• **What is being asked**
The string "circumcenter" may appear in lines of the listing. Report each line where it does.

= = = =

lemma inner_bisector_normal:
  fixes A B C :: point
  assumes ABC: "\<not> collinear {A, B, C}"
  defines "a \<equiv> dist B C" and "b \<equiv> dist C A" and "c \<equiv> dist A B"
    and "d \<equiv> dist C A *\<^sub>R (B - A) - dist A B *\<^sub>R (C - A)"
  shows "(B - A) \<bullet> d = c * (a - b + c) * (a + b - c) / 2"
    and "(C - A) \<bullet> d = - (b * (a - b + c) * (a + b - c) / 2)"
    and "d \<bullet> d = b * c * (a - b + c) * (a + b - c)"
    and "(circumcenter A B C - A) \<bullet> d = b * c * (c - b) / 2"
proof -
  define u v w where "u = B - A" and "v = C - A" and "w = circumcenter A B C - A"
  note gram = triangle_gram[OF ABC, folded a_def b_def c_def u_def v_def w_def]
  have d: "d = b *\<^sub>R u - c *\<^sub>R v"
    by (simp add: d_def u_def v_def b_def c_def)
  show "(B - A) \<bullet> d = c * (a - b + c) * (a + b - c) / 2"
    unfolding d u_def[symmetric]
    by (simp add: inner_diff_right gram) (simp add: field_simps power2_eq_square)
  show "(C - A) \<bullet> d = - (b * (a - b + c) * (a + b - c) / 2)"
    unfolding d v_def[symmetric]
    by (simp add: inner_diff_right gram) (simp add: field_simps power2_eq_square)
  show "d \<bullet> d = b * c * (a - b + c) * (a + b - c)"
    unfolding d
    by (simp add: inner_diff_left inner_diff_right gram) (simp add: field_simps power2_eq_square)
  show "(circumcenter A B C - A) \<bullet> d = b * c * (c - b) / 2"
    unfolding d w_def[symmetric]
    by (simp add: inner_diff_right gram) (simp add: field_simps power2_eq_square)
qed

lemma orthocenter_incenter_vertex:
  fixes A B C :: point
  assumes ABC: "\<not> collinear {A, B, C}"
  defines "a \<equiv> dist B C" and "b \<equiv> dist C A" and "c \<equiv> dist A B"
  shows "orthocenter C (incenter A B C) A =
    C + (1 / (a - b + c)) *\<^sub>R (b *\<^sub>R (B - A) - c *\<^sub>R (C - A))"
proof -
  define I u v t d where "I = incenter A B C" and "u = B - A" and "v = C - A" and "t = I - A"
    and "d = b *\<^sub>R u - c *\<^sub>R v"
  define q s where "q = a - b + c" and "s = a + b + c"
  have "a < b + c" "b < c + a" "c < a + b"
    using triangle_inequalities_strict[OF ABC] by (simp_all add: a_def b_def c_def)
  then have "b > 0" "q \<noteq> 0" "s > 0"
    by (simp_all add: q_def s_def)
  note gram = triangle_gram[OF ABC, folded a_def b_def c_def u_def v_def]
  note incenter = inner_incenter_vertex[OF ABC, folded a_def b_def c_def I_def u_def v_def t_def,
      folded d_def]
  note normal = inner_bisector_normal[OF ABC, folded a_def b_def c_def u_def v_def, folded d_def]
  have t: "t = (b / s) *\<^sub>R u + (c / s) *\<^sub>R v"
    using \<open>s > 0\<close> incenter_eq[where A = A and B = B and C = C]
    by (simp add: t_def I_def s_def a_def b_def c_def u_def v_def dist_commute scaleR_add_right)
  show ?thesis
    unfolding I_def[symmetric] q_def[symmetric]
  proof (rule orthocenter_eqI)
    have "det2 t v \<noteq> 0"
      using \<open>b > 0\<close> \<open>s > 0\<close> ABC det2_scaleR_add[of "b / s" u "c / s" v 0 1]
      by (simp add: t collinear_iff_det2 u_def v_def)
    then have "\<not> collinear {A, I, C}"
      by (simp add: collinear_iff_det2 t_def v_def)
    then show "\<not> collinear {C, I, A}"
      by (simp add: insert_commute)
    show "(C + (1 / q) *\<^sub>R (b *\<^sub>R (B - A) - c *\<^sub>R (C - A)) - C) \<bullet> (I - A) = 0"
      using incenter(3) by (simp flip: u_def v_def t_def d_def add: inner_commute)
    have "C + (1 / q) *\<^sub>R (b *\<^sub>R (B - A) - c *\<^sub>R (C - A)) - I = v + (1 / q) *\<^sub>R d - t"
      by (simp add: v_def t_def d_def u_def)
    moreover have "A - C = - v"
      by (simp add: v_def)
    moreover have "(v + (1 / q) *\<^sub>R d - t) \<bullet> v = 0"
      using \<open>q \<noteq> 0\<close>
      by (simp add: inner_diff_left inner_add_left gram incenter normal inner_commute[of d v])
        (simp add: field_simps power2_eq_square q_def)
    ultimately show "(C + (1 / q) *\<^sub>R (b *\<^sub>R (B - A) - c *\<^sub>R (C - A)) - I) \<bullet> (A - C) = 0"
      by simp
  qed
qed
theorem lemma6p5:
  fixes Inp Outp :: "'l set"
    and s :: "('l \<Rightarrow> 'p::order set) \<Rightarrow> ('l \<Rightarrow> 'p set)"
    and i ob :: 'l
  assumes "finite Inp" and "finite Outp" and "Inp \<inter> Outp = {}"
    and "causal_system Inp Outp s"
    and "i \<in> Inp" and "ob \<in> Outp"
    and "X \<in> (Inp - {i}) \<rightarrow>\<^sub>E WO" and "X' \<in> (Inp - {i}) \<rightarrow>\<^sub>E WO"
    and "y \<in> fixpt s i ob X \<triangle> fixpt s i ob X'"
  shows "\<exists>i' \<in> Inp - {i}. \<exists>x \<in> X i' \<triangle> X' i'. x < y"
proof -
  define Z Z' where "Z = fixpt s i ob X" and "Z' = fixpt s i ob X'"
  note Z = fixpt_fixed[OF assms(4-7), folded Z_def]
  note Z' = fixpt_fixed[OF assms(4-6,8), folded Z'_def]
  define P where "P u \<longleftrightarrow> (\<exists>i'\<in>Inp - {i}. \<exists>x\<in>X i' \<triangle> X' i'. x < u)" for u
  have step: "P u \<or> (\<exists>x\<in>Z \<triangle> Z'. x < u)" if "u \<in> Z \<triangle> Z'" for u
  proof -
    have "u \<in> s (X(i := Z)) ob \<triangle> s (X'(i := Z')) ob" using that Z(2) Z'(2) by simp
    from causal_system_fun_upd[where Z = Z and Z' = Z', OF assms(4-8) Z(1) Z'(1) this]
    show ?thesis unfolding P_def .
  qed
  have upward_closed: "P v" if "P u" "u < v" for u v
    using that less_trans unfolding P_def by blast
  have "y \<in> Z \<triangle> Z'" using assms(9) by (simp add: Z_def Z'_def)
  with WO_symdiff_wfp_on[OF Z(1) Z'(1)] have "P y"
    using step upward_closed by (rule wfp_on_induct_upward_closed)
  then show ?thesis unfolding P_def .
qed

end
(* Let $(\mathbf{L},\mathbf{R})\in\mathcal{P}_{\mathsf N}$ be centered (so both matrices have the same number $m$ of columns), and let $f:\{0,1\}^m\to\{0,1\}^m$. Then $f$ is a contraction map for $(\mathbf{L},\mathbf{R})$ if and only if $f$ is an inclusion dominance map for $(\mathbf{L},\mathbf{R})$. In particular, a centered pair admits a contraction map if and only if it admits an inclusion dominance map.
   Context: $\mathcal{P}_{\mathsf N}$ denotes the set of pairs $(\mathbf{L},\mathbf{R})$ of $(0,1)$-matrices, $\mathbf{L}$ of size $(\mathsf N+1)\times m_L$ and $\mathbf{R}$ of size $(\mathsf N+1)\times m_R$, such that some index $p\in[\mathsf N+1]$ has row $p$ of $\mathbf{L}$ and row $p$ of $\mathbf{R}$ both zero. $\mathbf{A}_{(i)}$ denotes the $i$-th row of $\mathbf{A}$; $e$ the all-ones row vector; $|v|=\sum_k|v_k|$; $|x-x'|$ the Hamming distance; for vectors, $v\le w$ means componentwise; $u^T$ is the transpose (column vector). The pair is balanced if $|\mathbf{L}_{(i)}|=|\mathbf{R}_{(i)}|$ for all $i$, and centered if it is balanced and for some $i$ we have $\mathbf{L}_{(i)}=e$ and $\mathbf{R}_{(i)}=e$. A contraction map is $f:\{0,1\}^{m_L}\to\{0,1\}^{m_R}$ with $f(\mathbf{L}_{(i)})=\mathbf{R}_{(i)}$ for all $i\in[\mathsf N+1]$ and $|x-x'|\ge|f(x)-f(x')|$ for all $x,x'$. A dominance map is $f:\{0,1\}^{m_L}\to\{0,1\}^{m_R}$ such that for all $u$, $|u|=|f(u)|$ and $\mathbf{L}u^T\le\mathbf{R}f(u)^T$. An inclusion dominance map is a dominance map $f$ such that $u'\le u$ implies $f(u')\le f(u)$. *)

theory Defs
  imports Main
begin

= = = =

• **Response area**
    and "(circumcenter A B C - A) \<bullet> d = b * c * (c - b) / 2"
  define u v w where "u = B - A" and "v = C - A" and "w = circumcenter A B C - A"
  show "(circumcenter A B C - A) \<bullet> d = b * c * (c - b) / 2"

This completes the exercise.